Weiß einer was ich da tun muss?

Datein liegen hier als txt

https://we.tl/t-vXltVk4z68

LG

Platofan23


----------



## Robat (23. Okt 2018)

Mit was für einem Framework arbeitest du denn? `socketio.Socket` sagt mir jetzt spontan nichts.


----------



## platofan23 (23. Okt 2018)

Robat hat gesagt.:


> Mit was für einem Framework arbeitest du denn? `socketio.Socket` sagt mir jetzt spontan nichts.

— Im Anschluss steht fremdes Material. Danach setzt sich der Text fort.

lemma sum_norm_embed_state_perm:
  assumes "finite X" "inj_on e B" "inj_on h B" "\<And>xs. \<sigma> (\<sigma> xs) = xs" "\<And>k. k \<in> B \<Longrightarrow> \<sigma> (e k) = h k"
  shows "(\<Sum>xs\<in>X. (cmod (embed_state B e s (\<sigma> xs)))\<^sup>2) = (\<Sum>k\<in>{k\<in>B. h k \<in> X}. (cmod (s k))\<^sup>2)"
proof -
  let ?K = "{k\<in>B. h k \<in> X}"
  let ?F = "\<lambda>xs. (cmod (embed_state B e s (\<sigma> xs)))\<^sup>2"
  have "(\<Sum>xs\<in>X. ?F xs) = (\<Sum>xs\<in>h ` ?K. ?F xs)"
  proof (rule sum.mono_neutral_right[OF assms(1)])
    show "\<forall>xs\<in>X - h ` ?K. ?F xs = 0"
    proof
      fix xs assume xs: "xs \<in> X - h ` ?K"
      have "\<sigma> xs \<notin> e ` B"
      proof
        assume "\<sigma> xs \<in> e ` B"
        then obtain k where "k \<in> B" "\<sigma> xs = e k"
          by auto
        then have "k \<in> B" "xs = h k"
          using assms(4,5) by metis+
        then show False
          using xs by auto
      qed
      then show "?F xs = 0"
        unfolding embed_state_def by simp
    qed
  qed auto
  also have "\<dots> = (\<Sum>k\<in>?K. ?F (h k))"
    using assms(3) by (intro sum.reindex[unfolded comp_def]) (auto intro: inj_on_subset)
  also have "\<dots> = (\<Sum>k\<in>?K. (cmod (s k))\<^sup>2)"
  proof (intro sum.cong refl)
    fix k assume "k \<in> ?K"
    then have "k \<in> B" "\<sigma> (h k) = e k"
      using assms(4,5) by (metis (mono_tags, lifting) mem_Collect_eq)+
    then show "?F (h k) = (cmod (s k))\<^sup>2"
      unfolding embed_state_def using assms(2) by simp
  qed
  finally show ?thesis .
qed

lemma qapply_id_embed_state:
  assumes "inj_on e B" "e ` B \<subseteq> qbits m"
  shows "qapply (qbits m) (perm_op id) (embed_state B e \<psi>) = embed_state B e \<psi>"
  using qapply_perm_op_qbits[of id m] perm_embed_state[of id e B m "\<lambda>k. k" \<psi>] assms by simp

definition flip_if :: "(bool list \<Rightarrow> bool) \<Rightarrow> nat \<Rightarrow> bool list \<Rightarrow> bool list" where
  "flip_if C p xs = (if C xs then xs[p := \<not> xs ! p] else xs)"

lemma length_flip_if[simp]: "length (flip_if C p xs) = length xs"
  unfolding flip_if_def by simp

lemma flip_if_involution:
  assumes "\<And>xs v. C (xs[p := v]) = C xs"
  shows "flip_if C p (flip_if C p xs) = xs"
  unfolding flip_if_def using assms by (cases "p < length xs") (auto simp: list_update_beyond)

lemma nth_flip_if: "p < length xs \<Longrightarrow> flip_if C p xs ! j = (if C xs \<and> j = p then \<not> xs ! p else xs ! j)"
  unfolding flip_if_def by auto

lemma local_on_all: "local_on m {j. j < m} U"
  unfolding local_on_def qbits_def
  by (auto intro!: arg_cong2[where f=U] nth_equalityI)

lemma local_on_flip_if:
  assumes pS: "p \<in> S" and pm: "p < m"
    and dep: "\<And>xs ys. xs \<in> qbits m \<Longrightarrow> ys \<in> qbits m \<Longrightarrow> (\<forall>j<m. j \<in> S \<longrightarrow> xs ! j = ys ! j) \<Longrightarrow> C xs = C ys"
  shows "local_on m S (perm_op (flip_if C p))"
  unfolding local_on_def
proof (intro conjI ballI impI)
  fix x y assume x: "x \<in> qbits m" and y: "y \<in> qbits m" and d: "\<exists>j<m. j \<notin> S \<and> x ! j \<noteq> y ! j"
  then obtain j where j: "j < m" "j \<notin> S" "x ! j \<noteq> y ! j" by auto
  have "x \<noteq> flip_if C p y"
  proof
    assume "x = flip_if C p y"
    moreover have jp: "j \<noteq> p" using j(2) pS by auto
    moreover have "flip_if C p y ! j = y ! j" using nth_flip_if[of p y C j] pm y jp by (simp add: qbits_def)
    ultimately have "x ! j = y ! j" by simp
    thus False using j by simp
  qed
  thus "perm_op (flip_if C p) x y = 0" unfolding perm_op_def by simp
next
  fix x y x' y' assume x: "x \<in> qbits m" and y: "y \<in> qbits m" and x': "x' \<in> qbits m" and y': "y' \<in> qbits m"
    and H: "(\<forall>j<m. j \<notin> S \<longrightarrow> x ! j = y ! j \<and> x' ! j = y' ! j) \<and> (\<forall>j<m. j \<in> S \<longrightarrow> x ! j = x' ! j \<and> y ! j = y' ! j)"
  have Cy: "C y = C y'" using dep[OF y y'] H by auto
  have eq1: "(x = flip_if C p y) \<longleftrightarrow> (\<forall>j<m. j \<in> S \<longrightarrow> x ! j = (if C y \<and> j = p then \<not> y ! p else y ! j))"
  proof -
    have "(x = flip_if C p y) \<longleftrightarrow> (\<forall>j<m. x ! j = flip_if C p y ! j)"
      using x y by (auto simp: qbits_def list_eq_iff_nth_eq)
    also have "\<dots> \<longleftrightarrow> (\<forall>j<m. j \<in> S \<longrightarrow> x ! j = (if C y \<and> j = p then \<not> y ! p else y ! j))"
      using H pS pm y by (auto simp: nth_flip_if qbits_def)
    finally show ?thesis .
  qed
  have eq2: "(x' = flip_if C p y') \<longleftrightarrow> (\<forall>j<m. j \<in> S \<longrightarrow> x' ! j = (if C y' \<and> j = p then \<not> y' ! p else y' ! j))"
  proof -
    have "(x' = flip_if C p y') \<longleftrightarrow> (\<forall>j<m. x' ! j = flip_if C p y' ! j)"
      using x' y' by (auto simp: qbits_def list_eq_iff_nth_eq)
    also have "\<dots> \<longleftrightarrow> (\<forall>j<m. j \<in> S \<longrightarrow> x' ! j = (if C y' \<and> j = p then \<not> y' ! p else y' ! j))"
      using H pS pm y' by (auto simp: nth_flip_if qbits_def)
    finally show ?thesis .
  qed
  have "(x = flip_if C p y) \<longleftrightarrow> (x' = flip_if C p y')"
    unfolding eq1 eq2 using H Cy pS pm by auto
  thus "perm_op (flip_if C p) x y = perm_op (flip_if C p) x' y'" unfolding perm_op_def by simp
qed

text \<open>A basis state \<open>(i, c, w)\<close> of the query algorithm is stored in \<open>lI + kW + 3\<close> qubits as
  [flag, \<open>i\<close> in \<open>lI\<close> bits, \<open>c\<close>, \<open>w\<close> in \<open>kW\<close> bits, output]; the flag is set exactly while a query is
  being answered, and the output qubit receives the result at the end.\<close>

fun bin :: "nat \<Rightarrow> nat \<Rightarrow> bool list" where
  "bin 0 v = []"
| "bin (Suc l) v = odd v # bin l (v div 2)"

lemma length_bin[simp]: "length (bin l v) = l"
  by (induction l arbitrary: v) auto

lemma bin_inj: "v < 2 ^ l \<Longrightarrow> v' < 2 ^ l \<Longrightarrow> bin l v = bin l v' \<Longrightarrow> v = v'"
proof (induction l arbitrary: v v')
  case 0 then show ?case by simp
next
  case (Suc l)
  have "v div 2 = v' div 2" using Suc by (intro Suc.IH) auto
  moreover have "odd v = odd v'" using Suc.prems by simp
  ultimately show ?case by (metis div_mult_mod_eq odd_iff_mod_2_eq_one mod2_eq_if)
qed

lemma bin_zero: "bin l 0 = replicate l False"
  by (induction l) auto

definition encode_core :: "nat \<Rightarrow> nat \<Rightarrow> nat \<times> bool \<times> nat \<Rightarrow> bool list" where
  "encode_core lI kW = (\<lambda>(i, c, w). False # bin lI i @ c # bin kW w)"

definition encode :: "nat \<Rightarrow> nat \<Rightarrow> nat \<times> bool \<times> nat \<Rightarrow> bool list" where
  "encode lI kW k = encode_core lI kW k @ [False]"

lemma length_encode_core[simp]: "length (encode_core lI kW k) = lI + kW + 2"
  by (cases k) (simp add: encode_core_def)

lemma length_encode[simp]: "length (encode lI kW k) = lI + kW + 3"
  by (simp add: encode_def)

lemma inj_on_encode_core:
  assumes "G < 2 ^ lI" "W \<le> 2 ^ kW"
  shows "inj_on (encode_core lI kW) (qbasis G W)"
proof (rule inj_onI)
  fix k k' assume k: "k \<in> qbasis G W" and k': "k' \<in> qbasis G W" and eq: "encode_core lI kW k = encode_core lI kW k'"
  obtain i c w where kk: "k = (i, c, w)" by (cases k) auto
  obtain i' c' w' where kk': "k' = (i', c', w')" by (cases k') auto
  have r: "i < 2 ^ lI" "i' < 2 ^ lI" "w < 2 ^ kW" "w' < 2 ^ kW"
    using k k' kk kk' assms unfolding qbasis_def by auto
  have "bin lI i @ c # bin kW w = bin lI i' @ c' # bin kW w'" using eq kk kk' by (simp add: encode_core_def)
  hence "bin lI i = bin lI i' \<and> c # bin kW w = c' # bin kW w'" by (simp add: append_eq_append_conv)
  hence "i = i'" "c = c'" "w = w'" using bin_inj r by auto
  thus "k = k'" using kk kk' by simp
qed

lemma inj_on_encode:
  assumes "G < 2 ^ lI" "W \<le> 2 ^ kW"
  shows "inj_on (encode lI kW) (qbasis G W)"
  using inj_on_encode_core[OF assms] unfolding encode_def inj_on_def by simp

lemma encode_image_qbits: "encode lI kW ` B \<subseteq> qbits (lI + kW + 3)"
  by (auto simp: qbits_def)

definition flip_flag :: "bool list \<Rightarrow> bool list" where "flip_flag = flip_if (\<lambda>_. True) 0"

das ist eine klasse die wir dann auch im abitur verwenden? soll ich die jar mal hochladen?


----------



## Robat (23. Okt 2018)

Wäre glaub ich mal ganz interessant, ja


----------



## platofan23 (23. Okt 2018)

Robat hat gesagt.:


> Wäre glaub ich mal ganz interessant, ja


ja schon dar. nun ich hab das jetzt mit dem normales sockets und out/inputstream gemacht. dazu brauchte ich ein thread aber nun wird der server eine exception:
Exception in thread "Thread-3" java.lang.StringIndexOutOfBoundsException: String index out of range: -4
        at java.lang.String.substring(String.java:1967)
        at Server$ClientHandler.run(Server.java:37)
        at java.lang.Thread.run(Thread.java:748)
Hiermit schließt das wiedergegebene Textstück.